▸ Provided entries:
━━━━━━━━━━━━━━━━

lemma x_weakly_null: "(\<lambda>k. inner (x k) y) \<longlonglongrightarrow> 0"
proof -
  have orth: "(\<lambda>k. inner (u (t i)) (u (t k))) \<longlonglongrightarrow> 0" for i
  proof -
    have far: "filterlim (\<lambda>k. t k - t i) at_top sequentially"
      using filterlim_tendsto_add_at_top[OF tendsto_const t_top, of "- t i"] by simp
    then have "\<forall>\<^sub>F k in sequentially. t k - t i \<ge> 1" by (simp add: filterlim_at_top)
    then have "\<forall>\<^sub>F k in sequentially. norm (exp (- (t i - t k)\<^sup>2)) \<le> exp (- (t k - t i))"
    proof (rule eventually_mono)
      fix k assume "t k - t i \<ge> 1"
      then have "(t k - t i) * 1 \<le> (t k - t i) * (t k - t i)" by (intro mult_left_mono) auto
      moreover have "(t i - t k)\<^sup>2 = (t k - t i) * (t k - t i)"
        by (simp add: power2_eq_square algebra_simps)
      ultimately show "norm (exp (- (t i - t k)\<^sup>2)) \<le> exp (- (t k - t i))" by simp
    qed
    moreover have "filterlim (\<lambda>k. - (t k - t i)) at_bot sequentially"
      using far by (simp add: filterlim_uminus_at_top)
    then have "(\<lambda>k. exp (- (t k - t i))) \<longlonglongrightarrow> 0" by (rule filterlim_compose[OF exp_at_bot])
    ultimately have "(\<lambda>k. exp (- (t i - t k)\<^sup>2)) \<longlonglongrightarrow> 0" by (rule Lim_null_comparison)
    then show ?thesis using u_inner[OF t_nonneg t_nonneg] by simp
  qed
  have lim: "(\<lambda>k. inner (u (t k)) y) \<longlonglongrightarrow> 0"
    using norm_u[OF t_nonneg] orth by (intro almost_orthogonal_weakly_null) auto
  have "\<forall>\<^sub>F k in sequentially. norm (inner (x k) y) \<le> \<bar>inner (u (t k)) y\<bar>"
  proof (rule eventually_sequentiallyI[of 1])
    fix k :: nat assume "k \<ge> 1"
    then have "\<bar>\<rho> k\<bar> \<le> 1" using rho_pos[of k] rho_le_1[of k] by simp
    then show "norm (inner (x k) y) \<le> \<bar>inner (u (t k)) y\<bar>"
      using \<open>k \<ge> 1\<close> by (simp add: x_def abs_mult mult_left_le_one_le)
  qed
  then show ?thesis using tendsto_rabs_zero[OF lim] by (rule Lim_null_comparison)
qed

definition orbit_hull :: "'a set" where
  "orbit_hull = closure (convex hull {x n | n. n \<ge> 2})"

lemma closed_orbit_hull: "closed orbit_hull"
  by (simp add: orbit_hull_def)

lemma convex_orbit_hull: "convex orbit_hull"
  by (simp add: orbit_hull_def convex_closure)

lemma x_in_orbit_hull: "n \<ge> 2 \<Longrightarrow> x n \<in> orbit_hull"
  unfolding orbit_hull_def by (rule subsetD[OF closure_subset], rule hull_inc) auto

lemma orbit_hull_subset:
  assumes "closed S" "convex S" "\<And>n. n \<ge> 2 \<Longrightarrow> x n \<in> S"
  shows "orbit_hull \<subseteq> S"
  unfolding orbit_hull_def using assms by (intro closure_minimal hull_minimal) auto

lemma orbit_hull_halfspace:
  assumes "\<And>n. n \<ge> 2 \<Longrightarrow> inner a (x n) \<le> b" and "y \<in> orbit_hull"
  shows "inner a y \<le> b"
  using orbit_hull_subset[of "{y. inner a y \<le> b}"] assms
  by (auto simp: closed_halfspace_le convex_halfspace_le)

lemma norm_le_1_if_in_orbit_hull: "y \<in> orbit_hull \<Longrightarrow> norm y \<le> 1"
  using orbit_hull_subset[of "cball 0 1"] norm_x_le_1 by auto
(* Let $\lambda_0=0$ and $\lambda_{n+1}=1/m_n$ for $n\ge0$ (so $\lambda_{n+1}=\tfrac12(\lambda_n+\sqrt{\lambda_n^2+4})$). Then: (1) $\sqrt n\le\lambda_n\le\sqrt{2n}$ for $n\ge0$; (2) $(\lambda_n)_n$ is increasing and divergent, $(\lambda_{n+1}/\lambda_n)_{n\ge1}$ is decreasing, and $\lambda_{n+1}/\lambda_n\to1$; (3) $\lambda_{n+1}^2-\lambda_n^2\to2$; (4) $\lambda_n^2/n\to2$; (5) $(\lambda_n^2-2n)/\log n\to-\tfrac12$; (6) $f(s)/\sqrt{2s}\to1$ as $s\to\infty$; (7) $f'(s)\sqrt{2s}\to1$ as $s\to\infty$.
   Context: Let $(m_n)_{n\ge0}$ be the unique sequence of positive reals with $m_0=1$ and $(1+m_1+\cdots+m_n)\,m_n=1$ for $n\ge1$. It is a Hausdorff moment sequence: let $\mu$ be the unique probability measure on $[0,1]$ with $\int_0^1t^n\,d\mu(t)=m_n$. For $s>0$ let $f(s)=\int_0^1\frac{1-t^s}{1-t}\,d\mu(t)$. *)

theory Defs
  imports "HOL-Probability.Probability"
begin

definition mseq_prop :: "(nat \<Rightarrow> real) \<Rightarrow> bool" where
  "mseq_prop m \<longleftrightarrow> (\<forall>n. m n > 0) \<and> m 0 = 1 \<and>
     (\<forall>n\<ge>1. (1 + (\<Sum>k=1..n. m k)) * m n = 1)"

definition mseq :: "nat \<Rightarrow> real" where
  "mseq = (THE m. mseq_prop m)"

definition lam :: "nat \<Rightarrow> real" where
  "lam n = (if n = 0 then 0 else 1 / mseq (n - 1))"

definition fmu :: "real measure \<Rightarrow> real \<Rightarrow> real" where
  "fmu \<mu> s = (\<integral>t. (1 - t powr s) / (1 - t) \<partial>\<mu>)"

end

theory Submission
  imports Defs "HOL-Real_Asymp.Real_Asymp"
begin

text \<open>Since lambda_(n+1) = 1/m_n is the positive root of x = lambda_n + 1/x, one gets
  lambda_(n+1)^2 - lambda_n^2 = 2 - 1/lambda_(n+1)^2. Summing, 2n - lambda_n^2 is the sum of
  the 1/lambda_k^2 for k \<le> n; it lies between 0 and the harmonic number H_n, and its terms
  differ from 1/(2k) by O(log k / k^2).

  For the measure, f(n) = m_0 + ... + m_(n-1) = lambda_n, f is increasing, and
  differentiating under the integral sign, f'(s) = \<integral> t^s (- log t) / (1 - t) d\<mu>, which lies
  between the moments \<integral> t^s and \<integral> t^(s-1). For n \<le> s < n + 1 this squeezes f(s) between
  lambda_n and lambda_(n+1), and f'(s) between 1/lambda_(n+2) and 1/lambda_n, which gives
  (6) and (7).\<close>

lemma minus_inverse_strict_mono:
  fixes x y :: real
  assumes "0 < x" "x < y"
  shows "x - 1 / x < y - 1 / y"
proof -
  have "1 / y < 1 / x"
    using assms by (simp add: frac_less2)
  with assms show ?thesis
    by linarith
qed

lemma minus_inverse_inj:
  fixes x y :: real
  assumes "0 < x" "0 < y" "x - 1 / x = y - 1 / y"
  shows "x = y"
  using assms minus_inverse_strict_mono[of x y] minus_inverse_strict_mono[of y x]
  by (metis linorder_neqE less_irrefl)

lemma harm_le_ln_plus_1: "harm n \<le> ln (real n) + (1::real)"
proof (cases "n = 0")
  case False
  then have "harm n - ln (real n) \<le> harm 1 - ln (real 1)"
    by (intro euler_mascheroni_sequence_decreasing) auto
  then show ?thesis
    by (simp add: harm_def)
qed (simp add: harm_def)

lemma summable_ln_plus_1_over_sq: "summable (\<lambda>k. (ln (real k) + 1) / (real k)\<^sup>2)"
proof (rule summable_comparison_test_bigo)
  show "summable (\<lambda>k. norm (real k powr (-3/2)))"
    by (simp add: summable_real_powr_iff)
  show "(\<lambda>k. (ln (real k) + 1) / (real k)\<^sup>2) \<in> O(\<lambda>k. real k powr (-3/2))"
    by real_asymp
qed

━━━━━━━━━━━━━━━━

▸ Exercise aim: The answer must be a single number: the count of lines in the entries that include "moreover".

▸ Solution to the problem: 2